C’est que du mélodrame embrassé de vains mots
Je joue comme je respire empoumonné d’un faux
Comédien del’raté, je préfère spectre acteur
Ça veut dire invisible aux cœurs et aux ardeurs.
Je me sens au matin envahi comme au soir
Piétiné par l’aube saine que je pourris au noir
Le rêve est l’apanage des jours nés du soleil
Souvent j’ouvre les yeux la tristesse sans sommeil.

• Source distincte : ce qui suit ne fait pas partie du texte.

lemma rows_cube_tensor_of_joint_eigenbasis:
  fixes S :: "'n::finite \<Rightarrow> 'n \<Rightarrow> 'n \<Rightarrow> complex" and A :: "complex^'n^'n"
  assumes sym: "symmetric_tensor S" and orth: "transpose A ** A = mat 1"
    and eig: "\<forall>a k. slice S k *v A$a = \<mu> a k *s A$a"
  shows "S = rows_cube_tensor (\<lambda>a. \<Sum>r\<in>UNIV. A$a$r * \<mu> a r) A"
proof -
  have slice: "slice S k = transpose A ** diag_mat (\<lambda>a. \<mu> a k) ** A" for k
    using eq_orthogonal_conj_diag_mat[OF orth, of "slice S k" "\<lambda>a. \<mu> a k"] eig by simp
  have unit: "bdot (A$a) (A$a) = 1" for a
    using matrix_left_right_inverse1[OF orth] by (simp flip: matrix_mult_transpose_nth add: mat_def)
  have slice_nth: "(slice S k *v v)$r = (\<Sum>c\<in>UNIV. S r c k * v$c)" for k v r
    by (simp add: slice_def matrix_vector_mult_def)
  have swap13: "S i j k = S k j i" for i j k
    using sym unfolding symmetric_tensor_def by blast
  have eigenvalue_factor: "\<mu> a k = (\<Sum>r\<in>UNIV. A$a$r * \<mu> a r) * A$a$k" for a k
  proof -
    txt \<open>\<mu> a k = a^T S_k a for the a-th row; symmetry of S moves k out of the slice index.\<close>
    have "\<mu> a k = bdot (A$a) (slice S k *v A$a)"
      using unit[of a] eig by (simp add: bdot_scale_right)
    also have "\<dots> = (\<Sum>r\<in>UNIV. A$a$r * (slice S r *v A$a)$k)"
      unfolding bdot_def slice_nth swap13[of _ _ k] ..
    also have "\<dots> = (\<Sum>r\<in>UNIV. A$a$r * \<mu> a r) * A$a$k"
      using eig by (simp add: sum_distrib_left sum_distrib_right mult_ac)
    finally show ?thesis .
  qed
  show ?thesis
  proof (intro ext)
    fix i j k
    have "S i j k = (\<Sum>a\<in>UNIV. A$a$i * \<mu> a k * A$a$j)"
      using arg_cong[OF slice[of k], of "\<lambda>M. M$i$j"] by (simp add: slice_def transpose_diag_mat_mult_nth)
    also have "\<dots> = rows_cube_tensor (\<lambda>a. \<Sum>r\<in>UNIV. A$a$r * \<mu> a r) A i j k"
      unfolding rows_cube_tensor_def by (intro sum.cong refl) (subst eigenvalue_factor, simp add: mult_ac)
    finally show "S i j k = rows_cube_tensor (\<lambda>a. \<Sum>r\<in>UNIV. A$a$r * \<mu> a r) A i j k" .
  qed
qed

lemma transpose_slice: "symmetric_tensor S \<Longrightarrow> transpose (slice S k) = slice S k"
  unfolding symmetric_tensor_def slice_def transpose_def by (simp add: vec_eq_iff)

lemma rows_cube_tensor_if_slices_diagonalizable_commuting:
  fixes S :: "'n::finite \<Rightarrow> 'n \<Rightarrow> 'n \<Rightarrow> complex"
  assumes sym: "symmetric_tensor S"
    and diag: "\<forall>k. diagonalizable_cmat (slice S k)"
    and comm: "\<forall>k l. slice S k ** slice S l = slice S l ** slice S k"
  obtains A :: "complex^'n^'n" and \<beta> where "transpose A ** A = mat 1" "S = rows_cube_tensor \<beta> A"
proof -
  obtain Q where Q: "finite Q" "bdot_orthonormal Q" "Q \<subseteq> joint_eigenvectors (slice S) UNIV"
      "card Q = CARD('n)"
    using exists_orthonormal_joint_eigenbasis[OF allI[OF transpose_slice[OF sym]] diag comm] .
  obtain A :: "complex^'n^'n" where A: "transpose A ** A = mat 1" "\<forall>a. A$a \<in> Q"
    using orthogonal_matrix_of_orthonormal_set[OF Q(1,2,4)] by blast
  have "\<forall>a k. \<exists>\<mu>. slice S k *v A$a = \<mu> *s A$a"
    using A(2) Q(3) unfolding joint_eigenvectors_def by blast
  then obtain \<mu> where "\<forall>a k. slice S k *v A$a = \<mu> a k *s A$a"
    by metis
  then have "S = rows_cube_tensor (\<lambda>a. \<Sum>r\<in>UNIV. A$a$r * \<mu> a r) A"
    by (rule rows_cube_tensor_of_joint_eigenbasis[OF sym A(1)])
  with A(1) show thesis
    by (rule that)
qed

theorem theorem10:
  fixes S :: "'n::finite \<Rightarrow> 'n \<Rightarrow> 'n \<Rightarrow> complex"
  assumes "symmetric_tensor S"
  shows "in_OW S \<longleftrightarrow>
           ((\<forall>k. diagonalizable_cmat (slice S k)) \<and>
            (\<forall>k l. slice S k ** slice S l = slice S l ** slice S k))"
proof
  assume "in_OW S"
  then obtain A :: "complex^'n^'n" and \<beta> where "transpose A ** A = mat 1" "S = rows_cube_tensor \<beta> A"
    using in_OW_iff_rows_cube_tensor[OF assms] by blast
  then show "(\<forall>k. diagonalizable_cmat (slice S k)) \<and>
             (\<forall>k l. slice S k ** slice S l = slice S l ** slice S k)"
    using slices_rows_cube_tensor_diagonalizable_commuting[of A \<beta>] by simp
next
  assume "(\<forall>k. diagonalizable_cmat (slice S k)) \<and>
          (\<forall>k l. slice S k ** slice S l = slice S l ** slice S k)"
  then obtain A :: "complex^'n^'n" and \<beta> where "transpose A ** A = mat 1" "S = rows_cube_tensor \<beta> A"
    using rows_cube_tensor_if_slices_diagonalizable_commuting[OF assms] by blast
  then show "in_OW S"
    using in_OW_iff_rows_cube_tensor[OF assms] by blast
qed

end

La vie me laisse des larmes aux yeux
Je me perds au jardin des haines
Je te vois je me tue au mieux
A me dire où ce chemin me mène.
Ça avance en arrière
Dos au mur grave en pierre
L’impasse et moi j’y reste
Pour toujours je déteste.
L’humeur est à l’envie d’étriper mon cerveau
A croire que je voudrais que ça gomme mes défauts
Les cris seraient douleurs car sans elles je le sais
C’est la douceur en fait qui ne m’est réservée.
L’ire est bien réelle dans sa gangue de chair
Qui l’entend sans le sourd ? Je me fais des séquelles
Les frissons qui s’inventent quand vos beautés m’enchantent
Ne durent pas, meurtris, par mes pensées méchantes.
Je suis souffrance je le veux bien
Dans ma vie rance le goût de rien
Je l’ai choisi c’est donc pour ça
Sans bouger je (c)rêve, voilà…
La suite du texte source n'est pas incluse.